■ What you have to do ■
Somewhere below is a line with "then show ?thesis unfolding" and, later, a line with "using assms unfolding"; repeat those two lines and all the lines between them, exactly as they are.

■ Stored items ■
——————
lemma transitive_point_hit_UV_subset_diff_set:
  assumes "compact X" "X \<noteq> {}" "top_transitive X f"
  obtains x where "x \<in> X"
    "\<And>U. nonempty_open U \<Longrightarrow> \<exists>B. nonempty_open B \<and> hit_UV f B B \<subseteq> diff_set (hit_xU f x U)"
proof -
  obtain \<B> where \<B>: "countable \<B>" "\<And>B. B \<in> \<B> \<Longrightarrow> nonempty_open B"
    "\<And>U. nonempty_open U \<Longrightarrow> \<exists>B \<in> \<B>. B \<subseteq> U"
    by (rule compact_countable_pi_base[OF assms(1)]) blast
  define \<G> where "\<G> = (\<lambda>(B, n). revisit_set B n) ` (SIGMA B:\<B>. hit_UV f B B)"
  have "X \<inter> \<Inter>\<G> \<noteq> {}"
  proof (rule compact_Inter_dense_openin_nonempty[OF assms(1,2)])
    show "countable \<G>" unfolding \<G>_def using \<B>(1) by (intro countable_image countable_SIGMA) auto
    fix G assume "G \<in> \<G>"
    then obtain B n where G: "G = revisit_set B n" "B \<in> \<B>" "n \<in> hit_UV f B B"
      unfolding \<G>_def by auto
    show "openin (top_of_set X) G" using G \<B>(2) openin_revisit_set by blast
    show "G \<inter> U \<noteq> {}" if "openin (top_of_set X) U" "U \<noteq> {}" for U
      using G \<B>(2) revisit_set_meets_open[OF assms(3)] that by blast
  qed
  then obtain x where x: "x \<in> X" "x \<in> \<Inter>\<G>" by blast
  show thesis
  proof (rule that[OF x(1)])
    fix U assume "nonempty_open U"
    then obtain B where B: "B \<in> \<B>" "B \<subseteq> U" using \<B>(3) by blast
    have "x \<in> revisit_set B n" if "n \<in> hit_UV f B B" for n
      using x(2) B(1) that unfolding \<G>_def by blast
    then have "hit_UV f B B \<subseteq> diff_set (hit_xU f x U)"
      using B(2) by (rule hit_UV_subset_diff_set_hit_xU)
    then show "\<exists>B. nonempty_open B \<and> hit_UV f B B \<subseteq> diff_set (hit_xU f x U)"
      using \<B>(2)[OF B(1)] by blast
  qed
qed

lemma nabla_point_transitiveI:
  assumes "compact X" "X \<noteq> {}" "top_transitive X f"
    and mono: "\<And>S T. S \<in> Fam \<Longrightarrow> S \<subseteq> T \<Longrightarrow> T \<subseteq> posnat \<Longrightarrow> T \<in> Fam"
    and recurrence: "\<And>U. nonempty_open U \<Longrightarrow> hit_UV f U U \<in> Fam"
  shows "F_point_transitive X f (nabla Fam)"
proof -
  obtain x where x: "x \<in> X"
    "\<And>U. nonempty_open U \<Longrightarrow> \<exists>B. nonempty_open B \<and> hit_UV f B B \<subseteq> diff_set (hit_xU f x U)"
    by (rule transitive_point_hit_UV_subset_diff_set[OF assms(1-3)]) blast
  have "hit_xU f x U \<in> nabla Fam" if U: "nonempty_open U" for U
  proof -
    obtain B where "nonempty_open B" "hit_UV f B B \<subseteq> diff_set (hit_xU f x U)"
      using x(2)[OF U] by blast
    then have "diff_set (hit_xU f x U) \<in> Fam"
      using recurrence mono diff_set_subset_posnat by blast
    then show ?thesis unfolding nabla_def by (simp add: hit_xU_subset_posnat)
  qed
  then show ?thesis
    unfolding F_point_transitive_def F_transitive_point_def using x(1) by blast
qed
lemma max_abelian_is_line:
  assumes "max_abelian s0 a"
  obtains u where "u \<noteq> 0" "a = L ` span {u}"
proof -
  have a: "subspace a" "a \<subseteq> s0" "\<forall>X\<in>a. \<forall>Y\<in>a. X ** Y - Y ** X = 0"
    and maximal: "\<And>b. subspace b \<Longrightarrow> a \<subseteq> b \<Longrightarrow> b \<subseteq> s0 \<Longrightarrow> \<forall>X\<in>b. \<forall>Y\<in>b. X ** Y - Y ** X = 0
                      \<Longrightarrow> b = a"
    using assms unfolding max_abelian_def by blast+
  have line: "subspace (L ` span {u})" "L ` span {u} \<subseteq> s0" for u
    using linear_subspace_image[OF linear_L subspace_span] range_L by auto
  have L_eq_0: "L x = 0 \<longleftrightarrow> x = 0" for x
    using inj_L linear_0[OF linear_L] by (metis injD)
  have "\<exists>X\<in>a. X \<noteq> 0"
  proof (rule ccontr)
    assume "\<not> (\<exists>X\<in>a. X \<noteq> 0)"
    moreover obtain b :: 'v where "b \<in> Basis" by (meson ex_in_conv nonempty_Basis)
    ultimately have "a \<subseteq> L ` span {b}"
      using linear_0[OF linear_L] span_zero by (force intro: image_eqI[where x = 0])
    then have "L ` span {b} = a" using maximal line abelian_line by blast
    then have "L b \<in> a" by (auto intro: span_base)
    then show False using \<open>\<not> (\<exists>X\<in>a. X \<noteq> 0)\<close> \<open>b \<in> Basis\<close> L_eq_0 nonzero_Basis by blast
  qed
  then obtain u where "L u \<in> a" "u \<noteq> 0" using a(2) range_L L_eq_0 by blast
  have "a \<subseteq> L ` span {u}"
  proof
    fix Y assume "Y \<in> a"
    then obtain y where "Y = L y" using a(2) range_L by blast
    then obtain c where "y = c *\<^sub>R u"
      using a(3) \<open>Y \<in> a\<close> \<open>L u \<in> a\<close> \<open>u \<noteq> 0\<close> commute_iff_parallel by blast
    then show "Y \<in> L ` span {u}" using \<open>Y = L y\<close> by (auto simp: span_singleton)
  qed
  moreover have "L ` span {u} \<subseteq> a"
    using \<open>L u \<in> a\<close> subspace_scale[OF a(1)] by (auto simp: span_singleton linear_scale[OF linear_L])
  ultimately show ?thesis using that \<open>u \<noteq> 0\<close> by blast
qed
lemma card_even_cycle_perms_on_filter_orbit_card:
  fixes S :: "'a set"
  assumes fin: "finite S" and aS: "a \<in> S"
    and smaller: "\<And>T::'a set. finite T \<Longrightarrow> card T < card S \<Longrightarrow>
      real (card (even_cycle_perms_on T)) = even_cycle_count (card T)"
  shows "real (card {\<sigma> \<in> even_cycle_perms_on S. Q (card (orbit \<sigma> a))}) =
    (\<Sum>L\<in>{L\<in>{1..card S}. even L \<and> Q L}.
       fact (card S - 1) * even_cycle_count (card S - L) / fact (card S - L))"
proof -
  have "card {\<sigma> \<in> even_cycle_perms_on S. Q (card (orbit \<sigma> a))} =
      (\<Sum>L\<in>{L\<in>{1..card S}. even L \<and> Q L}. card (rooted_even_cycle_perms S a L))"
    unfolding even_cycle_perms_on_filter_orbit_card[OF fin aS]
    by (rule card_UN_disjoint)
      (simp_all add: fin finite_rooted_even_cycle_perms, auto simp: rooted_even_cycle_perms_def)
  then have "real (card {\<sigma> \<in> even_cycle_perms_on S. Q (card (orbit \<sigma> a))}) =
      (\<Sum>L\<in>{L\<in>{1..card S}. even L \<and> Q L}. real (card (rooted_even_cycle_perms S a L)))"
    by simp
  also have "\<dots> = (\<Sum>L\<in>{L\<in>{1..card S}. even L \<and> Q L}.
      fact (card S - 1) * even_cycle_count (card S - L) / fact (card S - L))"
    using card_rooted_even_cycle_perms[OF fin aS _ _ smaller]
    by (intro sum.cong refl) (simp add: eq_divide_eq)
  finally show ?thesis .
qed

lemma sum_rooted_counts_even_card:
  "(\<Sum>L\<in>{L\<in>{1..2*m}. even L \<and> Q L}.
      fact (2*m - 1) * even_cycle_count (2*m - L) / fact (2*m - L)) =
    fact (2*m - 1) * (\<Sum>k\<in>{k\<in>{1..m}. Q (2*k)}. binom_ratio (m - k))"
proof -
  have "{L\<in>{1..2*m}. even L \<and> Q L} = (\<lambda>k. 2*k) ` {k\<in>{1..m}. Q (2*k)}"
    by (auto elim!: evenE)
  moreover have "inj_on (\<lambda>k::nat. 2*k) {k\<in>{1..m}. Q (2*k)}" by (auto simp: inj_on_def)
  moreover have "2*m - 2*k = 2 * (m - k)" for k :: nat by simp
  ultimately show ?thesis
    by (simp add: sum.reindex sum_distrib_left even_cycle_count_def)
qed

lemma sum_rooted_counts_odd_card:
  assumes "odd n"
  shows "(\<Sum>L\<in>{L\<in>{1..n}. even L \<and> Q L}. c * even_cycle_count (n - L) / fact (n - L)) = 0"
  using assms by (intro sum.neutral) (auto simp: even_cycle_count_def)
——————
■ Completed exercise ■
    then show ?thesis unfolding nabla_def by (simp add: hit_xU_subset_posnat)
  qed
  then show ?thesis
    unfolding F_point_transitive_def F_transitive_point_def using x(1) by blast
qed
lemma max_abelian_is_line:
  assumes "max_abelian s0 a"
  obtains u where "u \<noteq> 0" "a = L ` span {u}"
proof -
  have a: "subspace a" "a \<subseteq> s0" "\<forall>X\<in>a. \<forall>Y\<in>a. X ** Y - Y ** X = 0"
    and maximal: "\<And>b. subspace b \<Longrightarrow> a \<subseteq> b \<Longrightarrow> b \<subseteq> s0 \<Longrightarrow> \<forall>X\<in>b. \<forall>Y\<in>b. X ** Y - Y ** X = 0
                      \<Longrightarrow> b = a"
    using assms unfolding max_abelian_def by blast+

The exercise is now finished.